* [TASK] All lines holding the word "imports" should be located in the records and copied.

/---

(* Let $(X,T)$ be a minimal topological dynamical system with $X$ compact metrisable and $T$ abelian, with maximal equicontinuous factor map $\pi:X\to X_{max}$, and let $e$ be a minimal idempotent of its Ellis semigroup. Let $f\in\Gamma_e$ with $f\neq e$. Then $\emptyset\neq\mathrm{supp}(f)\subseteq X_{max}^{sing}$.
   Context: The Ellis semigroup $E$ is the closure of the set of homeomorphisms $\{\alpha^t:t\in T\}$ in $X^X$ (pointwise convergence, composition as product); $\ker E$ is its smallest two-sided ideal, minimal idempotents are idempotents of $\ker E$, $J_{min}$ is the set of them. ${\mathcal H}_e=eEe$ is the structure group and $\Gamma_e$ is the subgroup of ${\mathcal H}_e$ generated by $eJ_{min}e$. For $f\in{\mathcal H}_e$ and $\xi\in X_{max}$, $f$ acts trivially at $\xi$ if every point of $e(\pi^{-1}(\xi))$ is fixed by $f$; $\mathrm{supp}(f)$ is the set of $\xi\in X_{max}$ at which $f$ does not act trivially. Two points are proximal if $\inf_t d(\alpha^t x,\alpha^t y)=0$. A point $\xi\in X_{max}$ is regular if all points of $\pi^{-1}(\xi)$ are distal (proximal to no other point), and $X_{max}^{sing}$ is the set of non-regular (singular) points. *)

theory Defs
  imports "HOL-Analysis.Analysis"
begin

definition tds :: "('g::ab_group_add \<Rightarrow> 'a::metric_space \<Rightarrow> 'a) \<Rightarrow> bool" where
  "tds \<alpha> \<longleftrightarrow> compact (UNIV :: 'a set) \<and> \<alpha> 0 = id \<and>
     (\<forall>s t. \<alpha> (s + t) = \<alpha> s \<circ> \<alpha> t) \<and> (\<forall>t. continuous_on UNIV (\<alpha> t))"

definition minimal_tds :: "('g::ab_group_add \<Rightarrow> 'a::metric_space \<Rightarrow> 'a) \<Rightarrow> bool" where
  "minimal_tds \<alpha> \<longleftrightarrow> tds \<alpha> \<and> (\<forall>x. closure (range (\<lambda>t. \<alpha> t x)) = UNIV)"

definition equicontinuous_on :: "'b::metric_space set \<Rightarrow> ('g \<Rightarrow> 'b \<Rightarrow> 'b) \<Rightarrow> bool" where
  "equicontinuous_on Z \<gamma> \<longleftrightarrow> (\<forall>z\<in>Z. \<forall>\<epsilon>>0. \<exists>\<delta>>0. \<forall>z'\<in>Z. dist z z' < \<delta> \<longrightarrow>
      (\<forall>t. dist (\<gamma> t z) (\<gamma> t z') < \<epsilon>))"

definition equicontinuous_factor ::
  "('g::ab_group_add \<Rightarrow> 'a::metric_space \<Rightarrow> 'a) \<Rightarrow> 'b::metric_space set \<Rightarrow> ('g \<Rightarrow> 'b \<Rightarrow> 'b) \<Rightarrow> ('a \<Rightarrow> 'b) \<Rightarrow> bool" where
  "equicontinuous_factor \<alpha> Z \<gamma> \<rho> \<longleftrightarrow> compact Z \<and>
     (\<forall>t. \<gamma> t ` Z \<subseteq> Z \<and> continuous_on Z (\<gamma> t)) \<and> (\<forall>z\<in>Z. \<gamma> 0 z = z) \<and>
     (\<forall>s t. \<forall>z\<in>Z. \<gamma> (s + t) z = \<gamma> s (\<gamma> t z)) \<and>
     continuous_on UNIV \<rho> \<and> range \<rho> = Z \<and> (\<forall>t x. \<rho> (\<alpha> t x) = \<gamma> t (\<rho> x)) \<and>
     equicontinuous_on Z \<gamma>"

text \<open>Every compact
  metrisable space embeds into the Hilbert cube, so it suffices to test factors whose
  phase space is a compact subset of \<open>nat \<Rightarrow> real\<close> (product topology).\<close>
definition max_equicontinuous_factor ::
  "('g::ab_group_add \<Rightarrow> 'a::metric_space \<Rightarrow> 'a) \<Rightarrow> ('g \<Rightarrow> 'b::metric_space \<Rightarrow> 'b) \<Rightarrow> ('a \<Rightarrow> 'b) \<Rightarrow> bool" where
  "max_equicontinuous_factor \<alpha> \<beta> \<pi> \<longleftrightarrow> equicontinuous_factor \<alpha> UNIV \<beta> \<pi> \<and>
     (\<forall>(Z :: (nat \<Rightarrow> real) set) \<gamma> \<rho>. equicontinuous_factor \<alpha> Z \<gamma> \<rho> \<longrightarrow>
        (\<exists>\<psi>. continuous_on UNIV \<psi> \<and> (\<forall>x. \<rho> x = \<psi> (\<pi> x))))"

text \<open>Ellis semigroup: closure of \<open>{\<alpha> t}\<close> in \<open>X^X\<close> (pointwise convergence), product = composition.\<close>
definition ellis :: "('g \<Rightarrow> 'a::topological_space \<Rightarrow> 'a) \<Rightarrow> ('a \<Rightarrow> 'a) set" where
  "ellis \<alpha> = closure (range \<alpha>)"

definition two_sided_ideal :: "('a \<Rightarrow> 'a) set \<Rightarrow> ('a \<Rightarrow> 'a) set \<Rightarrow> bool" where
  "two_sided_ideal E I \<longleftrightarrow> I \<noteq> {} \<and> I \<subseteq> E \<and> (\<forall>p\<in>E. \<forall>q\<in>I. p \<circ> q \<in> I \<and> q \<circ> p \<in> I)"

definition ker_ellis :: "('g \<Rightarrow> 'a::topological_space \<Rightarrow> 'a) \<Rightarrow> ('a \<Rightarrow> 'a) set" where
  "ker_ellis \<alpha> = \<Inter> {I. two_sided_ideal (ellis \<alpha>) I}"

definition J_min :: "('g \<Rightarrow> 'a::topological_space \<Rightarrow> 'a) \<Rightarrow> ('a \<Rightarrow> 'a) set" where
  "J_min \<alpha> = {u \<in> ker_ellis \<alpha>. u \<circ> u = u}"

definition struct_group :: "('g \<Rightarrow> 'a::topological_space \<Rightarrow> 'a) \<Rightarrow> ('a \<Rightarrow> 'a) \<Rightarrow> ('a \<Rightarrow> 'a) set" where
  "struct_group \<alpha> e = {e \<circ> p \<circ> e | p. p \<in> ellis \<alpha>}"

inductive_set Gamma :: "('g \<Rightarrow> 'a::topological_space \<Rightarrow> 'a) \<Rightarrow> ('a \<Rightarrow> 'a) \<Rightarrow> ('a \<Rightarrow> 'a) set"
  for \<alpha> e where
    unit: "e \<in> Gamma \<alpha> e"
  | gen: "u \<in> J_min \<alpha> \<Longrightarrow> e \<circ> u \<circ> e \<in> Gamma \<alpha> e"
  | mult: "f \<in> Gamma \<alpha> e \<Longrightarrow> g \<in> Gamma \<alpha> e \<Longrightarrow> f \<circ> g \<in> Gamma \<alpha> e"
  | inv: "f \<in> Gamma \<alpha> e \<Longrightarrow> g \<in> struct_group \<alpha> e \<Longrightarrow> f \<circ> g = e \<Longrightarrow> g \<circ> f = e \<Longrightarrow> g \<in> Gamma \<alpha> e"

definition supp :: "('a \<Rightarrow> 'b) \<Rightarrow> ('a \<Rightarrow> 'a) \<Rightarrow> ('a \<Rightarrow> 'a) \<Rightarrow> 'b set" where
  "supp \<pi> e f = {\<xi>. \<not> (\<forall>x \<in> e ` (\<pi> -` {\<xi>}). f x = x)}"

definition proximal :: "('g \<Rightarrow> 'a::metric_space \<Rightarrow> 'a) \<Rightarrow> 'a \<Rightarrow> 'a \<Rightarrow> bool" where
  "proximal \<alpha> x y \<longleftrightarrow> (INF t. dist (\<alpha> t x) (\<alpha> t y)) = 0"

definition distal_point :: "('g \<Rightarrow> 'a::metric_space \<Rightarrow> 'a) \<Rightarrow> 'a \<Rightarrow> bool" where
  "distal_point \<alpha> x \<longleftrightarrow> (\<forall>y. proximal \<alpha> x y \<longrightarrow> y = x)"

definition regular_point :: "('g \<Rightarrow> 'a::metric_space \<Rightarrow> 'a) \<Rightarrow> ('a \<Rightarrow> 'b) \<Rightarrow> 'b \<Rightarrow> bool" where
  "regular_point \<alpha> \<pi> \<xi> \<longleftrightarrow> (\<forall>x \<in> \<pi> -` {\<xi>}. distal_point \<alpha> x)"

definition singular_set :: "('g \<Rightarrow> 'a::metric_space \<Rightarrow> 'a) \<Rightarrow> ('a \<Rightarrow> 'b) \<Rightarrow> 'b set" where
  "singular_set \<alpha> \<pi> = {\<xi>. \<not> regular_point \<alpha> \<pi> \<xi>}"

end

theory Submission
  imports Defs
begin

text \<open>If an element \<open>p\<close> of the Ellis semigroup identifies two points, they are proximal,
  since \<open>p\<close> is a pointwise limit of the \<open>\<alpha> t\<close>.  For a minimal idempotent \<open>u\<close> the points
  \<open>x\<close> and \<open>u x\<close> are identified by \<open>u\<close>, so \<open>u\<close> fixes every distal point; the generators of
  \<open>\<Gamma>\<^sub>e\<close> and hence all of \<open>\<Gamma>\<^sub>e\<close> then fix every distal point, so \<open>f\<close> acts trivially over
  regular points.  On the other hand \<open>f \<circ> e = f \<noteq> e\<close>, so \<open>f\<close> moves some point of \<open>e X\<close>.
  Only the fibres of \<open>\<pi>\<close> enter.\<close>

lemma ellis_eq_imp_proximal:
  fixes \<alpha> :: "'g \<Rightarrow> 'a::metric_space \<Rightarrow> 'a"
  assumes p: "p \<in> ellis \<alpha>" and eq: "p y = p z"
  shows "proximal \<alpha> y z"
proof -
  have bdd: "bdd_below (range (\<lambda>t. dist (\<alpha> t y) (\<alpha> t z)))"
    by (rule bdd_belowI[of _ 0]) auto
  have le_eps: "(INF t. dist (\<alpha> t y) (\<alpha> t z)) \<le> \<epsilon>" if "\<epsilon> > 0" for \<epsilon>
  proof -
    define S where "S = (\<lambda>h. h y) -` ball (p y) (\<epsilon>/2) \<inter> (\<lambda>h. h z) -` ball (p z) (\<epsilon>/2)"
    have "open S" unfolding S_def
      by (intro open_Int open_vimage open_ball continuous_on_product_coordinates)
    moreover have "p \<in> S" using \<open>\<epsilon> > 0\<close> by (simp add: S_def)
    ultimately have "range \<alpha> \<inter> S \<noteq> {}"
      using p unfolding ellis_def closure_iff_nhds_not_empty by blast
    then obtain t where "dist (p y) (\<alpha> t y) < \<epsilon>/2" "dist (p z) (\<alpha> t z) < \<epsilon>/2"
      by (auto simp: S_def)
    then have "dist (\<alpha> t y) (\<alpha> t z) \<le> \<epsilon>"
      using eq dist_triangle[of "\<alpha> t y" "\<alpha> t z" "p y"] by (simp add: dist_commute)
    then show ?thesis by (rule cINF_lower2[OF bdd UNIV_I])
  qed
  have "(INF t. dist (\<alpha> t y) (\<alpha> t z)) \<le> 0"
    using le_eps by (meson dense not_le)
  moreover have "(INF t. dist (\<alpha> t y) (\<alpha> t z)) \<ge> 0"
    by (rule cINF_greatest) auto
  ultimately show ?thesis unfolding proximal_def by simp
qed

lemma ellis_idempotent_fixes_distal_point:
  fixes \<alpha> :: "'g \<Rightarrow> 'a::metric_space \<Rightarrow> 'a"
  assumes "u \<in> ellis \<alpha>" and "u \<circ> u = u" and "distal_point \<alpha> x"
  shows "u x = x"
proof -
  have "u x = u (u x)" using \<open>u \<circ> u = u\<close> by (metis comp_apply)
  then have "proximal \<alpha> x (u x)" by (rule ellis_eq_imp_proximal[OF \<open>u \<in> ellis \<alpha>\<close>])
  then show ?thesis using \<open>distal_point \<alpha> x\<close> unfolding distal_point_def by metis
qed

lemma ellis_comp_closed:
  fixes \<alpha> :: "'g::plus \<Rightarrow> 'a::topological_space \<Rightarrow> 'a"
  assumes add: "\<And>s t. \<alpha> (s + t) = \<alpha> s \<circ> \<alpha> t"
    and cont: "\<And>t. continuous_on UNIV (\<alpha> t)"
    and "p \<in> ellis \<alpha>" and "q \<in> ellis \<alpha>"
  shows "p \<circ> q \<in> ellis \<alpha>"
proof -
  have left_closed: "\<alpha> s \<circ> r \<in> ellis \<alpha>" if "r \<in> ellis \<alpha>" for s r
  proof -
    have "continuous_on UNIV (\<lambda>h::'a \<Rightarrow> 'a. \<alpha> s \<circ> h)"
    proof (rule continuous_on_coordinatewise_then_product)
      fix i
      show "continuous_on UNIV (\<lambda>h::'a \<Rightarrow> 'a. (\<alpha> s \<circ> h) i)"
        unfolding o_def
        by (rule continuous_on_compose2[OF cont continuous_on_product_coordinates]) auto
    qed
    then have "(\<lambda>h. \<alpha> s \<circ> h) ` closure (range \<alpha>) \<subseteq> closure (range \<alpha>)"
      by (intro image_closure_subset)
        (auto intro: continuous_on_subset simp: add[symmetric] closure_subset[THEN subsetD])
    then show ?thesis using that unfolding ellis_def by blast
  qed
  have "continuous_on UNIV (\<lambda>h::'a \<Rightarrow> 'a. h \<circ> q)"
    by (intro continuous_on_coordinatewise_then_product) (simp add: o_def)
  then have "(\<lambda>h. h \<circ> q) ` closure (range \<alpha>) \<subseteq> closure (range \<alpha>)"
    by (intro image_closure_subset)
      (use left_closed \<open>q \<in> ellis \<alpha>\<close> in \<open>auto intro: continuous_on_subset simp: ellis_def\<close>)
  then show ?thesis using \<open>p \<in> ellis \<alpha>\<close> unfolding ellis_def by blast
qed

lemma ker_ellis_subset_ellis:
  fixes \<alpha> :: "'g::plus \<Rightarrow> 'a::topological_space \<Rightarrow> 'a"
  assumes "\<And>s t. \<alpha> (s + t) = \<alpha> s \<circ> \<alpha> t" and "\<And>t. continuous_on UNIV (\<alpha> t)"
  shows "ker_ellis \<alpha> \<subseteq> ellis \<alpha>"
proof -
  have "two_sided_ideal (ellis \<alpha>) (ellis \<alpha>)"
    unfolding two_sided_ideal_def using ellis_comp_closed[OF assms]
    by (auto simp: ellis_def dest: closure_subset[THEN subsetD])
  then show ?thesis unfolding ker_ellis_def by blast
qed

lemma J_min_fixes_distal_point:
  fixes \<alpha> :: "'g::ab_group_add \<Rightarrow> 'a::metric_space \<Rightarrow> 'a"
  assumes "tds \<alpha>" and "u \<in> J_min \<alpha>" and "distal_point \<alpha> x"
  shows "u x = x"
proof -
  have "ker_ellis \<alpha> \<subseteq> ellis \<alpha>"
    using \<open>tds \<alpha>\<close> by (intro ker_ellis_subset_ellis) (auto simp: tds_def)
  then show ?thesis
    using assms(2,3) unfolding J_min_def by (blast intro: ellis_idempotent_fixes_distal_point)
qed

lemma Gamma_comp_unit:
  assumes "e \<circ> e = e" and "f \<in> Gamma \<alpha> e"
  shows "f \<circ> e = f"
  using assms(2)
proof induction
  case unit
  show ?case using assms(1) .
next
  case (gen u)
  show ?case using assms(1) by (metis comp_assoc)
next
  case (mult f g)
  then show ?case by (metis comp_assoc)
next
  case (inv f g)
  then obtain p where "g = e \<circ> p \<circ> e" by (auto simp: struct_group_def)
  then show ?case using assms(1) by (metis comp_assoc)
qed

lemma Gamma_fixes_common_fixed_point:
  assumes "e x = x" and "\<And>u. u \<in> J_min \<alpha> \<Longrightarrow> u x = x" and "f \<in> Gamma \<alpha> e"
  shows "f x = x"
  using assms(3)
proof induction
  case unit
  show ?case using assms(1) .
next
  case (gen u)
  then show ?case using assms(1) assms(2)[OF gen] by simp
next
  case (mult f g)
  then show ?case by simp
next
  case (inv f g)
  have "g x = g (f x)" using inv.IH by simp
  also have "\<dots> = e x" using \<open>g \<circ> f = e\<close> by (metis comp_apply)
  finally show ?case using assms(1) by simp
qed

lemma supp_eq_empty_iff: "supp \<pi> e f = {} \<longleftrightarrow> f \<circ> e = e"
  by (auto simp: supp_def fun_eq_iff)

lemma supp_subset_singular_set:
  fixes \<alpha> :: "'g::ab_group_add \<Rightarrow> 'a::metric_space \<Rightarrow> 'a"
  assumes "tds \<alpha>" and "e \<in> J_min \<alpha>" and "f \<in> Gamma \<alpha> e"
  shows "supp \<pi> e f \<subseteq> singular_set \<alpha> \<pi>"
proof
  fix \<xi> assume "\<xi> \<in> supp \<pi> e f"
  then obtain x where x: "\<pi> x = \<xi>" "f (e x) \<noteq> e x" unfolding supp_def by auto
  show "\<xi> \<in> singular_set \<alpha> \<pi>"
  proof (rule ccontr)
    assume "\<xi> \<notin> singular_set \<alpha> \<pi>"
    then have distal: "distal_point \<alpha> x"
      using x(1) by (auto simp: singular_set_def regular_point_def)
    have "e x = x" using J_min_fixes_distal_point[OF assms(1,2) distal] .
    moreover have "f x = x"
      using Gamma_fixes_common_fixed_point[OF \<open>e x = x\<close> _ assms(3)]
        J_min_fixes_distal_point[OF assms(1) _ distal] .
    ultimately show False using x(2) by simp
  qed
qed

theorem mainTheorem4:
  fixes \<alpha> :: "'g::ab_group_add \<Rightarrow> 'a::metric_space \<Rightarrow> 'a"
    and \<beta> :: "'g \<Rightarrow> 'b::metric_space \<Rightarrow> 'b"
    and \<pi> :: "'a \<Rightarrow> 'b"
    and e f :: "'a \<Rightarrow> 'a"
  assumes "minimal_tds \<alpha>"
    and "max_equicontinuous_factor \<alpha> \<beta> \<pi>"
    and "e \<in> J_min \<alpha>"
    and "f \<in> Gamma \<alpha> e"
    and "f \<noteq> e"
  shows "supp \<pi> e f \<noteq> {} \<and> supp \<pi> e f \<subseteq> singular_set \<alpha> \<pi>"
proof
  have "tds \<alpha>" using assms(1) by (simp add: minimal_tds_def)
  have "e \<circ> e = e" using assms(3) by (simp add: J_min_def)
  then have "f \<circ> e = f" using assms(4) by (rule Gamma_comp_unit)
  then show "supp \<pi> e f \<noteq> {}"
    using \<open>f \<noteq> e\<close> by (simp add: supp_eq_empty_iff)
  show "supp \<pi> e f \<subseteq> singular_set \<alpha> \<pi>"
    using supp_subset_singular_set[OF \<open>tds \<alpha>\<close> assms(3,4)] .
qed

end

\---

* [WRITTEN SOLUTION]
  imports "HOL-Analysis.Analysis"
  imports Defs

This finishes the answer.